草の原

ゆくすゑは そらもひとつの武蔵野に 草の原より いづる月かげ(新古今和歌集:藤原良経)
Yukusue ha sora mo hitotsu no musashino ni kusa no hara yori izuru tsukikage
( Shinkokin Wakashū:Fujiwara no Yositsune )

秋の武蔵野の原野に昇る月を心に想い、詠まれた一首。一首を詠んだ藤原良経(ふじわらのよしつね:九条良経)は、新古今時代を代表する歌人のひとりです。『新古今和歌集』の秋歌上で「月」を歌題として詠まれた中に排列されています。一首には次の詞書があります。

五十首歌たてまつりしに野径月(やけいのつき)

詞書には建仁元年(1201年)、後鳥羽院主催の「仙洞句題五十首」で月をテーマに原野の小径をイメージし、詠まれたことが記されています。

『万葉集』の東歌で武蔵野を詠まれた歌が収められてより、平安時代になって『伊勢物語』や『古今和歌集』などの物語や和歌に武蔵野の草原が取り上げられ、武蔵野への関心が高まりました。

紫の ひともとゆゑに 武蔵野の 草はみながら あはれとぞ見る (古今和歌集:よみ人しらず)

『古今和歌集』雑上に撰集された一首は、一本の紫草がある武蔵野の草すべてが、ゆかりのあるものとして懐かしく、愛しく思うと詠まれたものです。

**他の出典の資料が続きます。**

lemma residual_colouring_not_extendable:
  assumes "adj E x y" and f: "residual_colouring x y f"
    and "\<forall>u\<in>S. \<forall>v\<in>S. \<not> adj E u v"
    and "cx < k - 1" "cy < k - 1" "cx \<noteq> cy"
    and "\<forall>t\<in>V - {x, y}. adj E x t \<longrightarrow> (if t \<in> S then k - 2 else f t) \<noteq> cx"
    and "\<forall>t\<in>V - {x, y}. adj E y t \<longrightarrow> (if t \<in> S then k - 2 else f t) \<noteq> cy"
  shows False
proof -
  have "2 \<le> k" using assms(1) by (rule two_le_k)
  then have "Suc (k - 2) = k - 1" by linarith
  have "proper_colouring (V - {x, y}) (del_verts_E E {x, y}) (k - 1)
      (\<lambda>v. if v \<in> S then k - 2 else f v)"
    unfolding \<open>Suc (k - 2) = k - 1\<close>[symmetric] using f assms(3)
    by (intro proper_colouring_recolour_independent) (auto simp: residual_colouring_def adj_del_verts_E)
  then have "proper_colouring V E (k - 1) ((\<lambda>v. if v \<in> S then k - 2 else f v)(x := cx, y := cy))"
    using assms(4-8) by (intro proper_colouring_extend_pair[OF graph])
  then have "k \<le> k - 1"
    using chromatic chromatic_number_le unfolding colourable_def by metis
  then show False using \<open>2 \<le> k\<close> by linarith
qed

lemma common_nbr_of_each_colour:
  assumes xy: "adj E x y" and f: "residual_colouring x y f" and i: "i < k - 2"
  shows "\<exists>c \<in> nbhd x \<inter> nbhd y. f c = i"
proof (rule ccontr)
  assume none: "\<not> ?thesis"
  let ?S = "{t \<in> V - {x, y}. adj E x t \<and> f t = i}"
  show False
  proof (rule residual_colouring_not_extendable[OF xy f, of ?S i "k - 2"])
    show "\<forall>u\<in>?S. \<forall>v\<in>?S. \<not> adj E u v"
      using residual_colouring_adj[OF f] by blast
    show "\<forall>t\<in>V - {x, y}. adj E y t \<longrightarrow> (if t \<in> ?S then k - 2 else f t) \<noteq> k - 2"
    proof (intro ballI impI)
      fix t assume t: "t \<in> V - {x, y}" "adj E y t"
      then have "t \<notin> ?S" using none by (auto simp: mem_nbhd_iff)
      then show "(if t \<in> ?S then k - 2 else f t) \<noteq> k - 2"
        using residual_colouring_less[OF f t(1)] by simp
    qed
  qed (use i two_le_k[OF xy] in auto)
qed

lemma two_colour_nbrs_not_independent:
  assumes xy: "adj E x y" and f: "residual_colouring x y f"
    and "i < k - 2" "j < k - 2" "i \<noteq> j"
  defines "S \<equiv> {t \<in> V - {x, y}. f t = i \<and> adj E x t \<or> f t = j \<and> adj E y t}"
  shows "\<exists>u\<in>S. \<exists>v\<in>S. adj E u v"
proof (rule ccontr)
  assume "\<not> ?thesis"
  then show False
    using assms(3-5) by (intro residual_colouring_not_extendable[OF xy f, of S i j]) (auto simp: S_def)
qed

一首は武蔵野の紫草への愛着から発展し、女性を紫草に見立て、女性とゆかりのある人すべてが懐かしく思われると解釈されるようになりました。武蔵野への愛着を詠まれた古歌は共感を呼びました。『伊勢物語』41段では『古今和歌集』の上記の歌を踏まえ、「武蔵野のこころなるべし」と歌の心を物語に表し、武蔵野に寄せるイメージが印象付けられました。四方を山に囲まれた都の人は、遥か彼方を見渡せる原野に憧れ、想像しました。

良経の一首は、秋の夕空と一つになって遮るものがない武蔵野の原野から昇る月を想像し、歌に詠みました。

秋の武蔵野を詠んだ歌には、『古今和歌集』に次ぐ二番目の勅撰集『後撰和歌集』秋中のなかで秋草に寄せて詠まれた次の一首が見られます。

をみなえし にほへる秋の 武蔵野は 常よりも猶 むつまじきかな ( 後撰和歌集:紀貫之 )

秋の七草として万葉以来、たおやかな風情を女性に見立てられたオミナエシを秋の武蔵野の景として詠んだものです。貫之の一首は、紫草を詠んだ古歌に込められた武蔵野の地の温かさ、人の和やかさが感じられます。

秋草への愛好が深化した中世へと変革していく時代を生きた良経は、秋草が咲き乱れる草原を ”花野” と呼ぶように、「草の原」という詞によって ”花野” の風情を武蔵野に想い、イメージを膨らませたように思います。

四季の中でも色とりどりの草花で彩られる秋の野の美しい風景は、秋が深まるにつれて次第に色褪せ、一色の寂寥とした冬景色へと移ろっていきます。中世以降、武蔵野は秋を想わせる題材として定着し、文学・絵画・工芸など多彩な表現により、作品が生み出されていきます。

花野の小径を想像し、秋の武蔵野への憧憬を託した一首を書で表しました。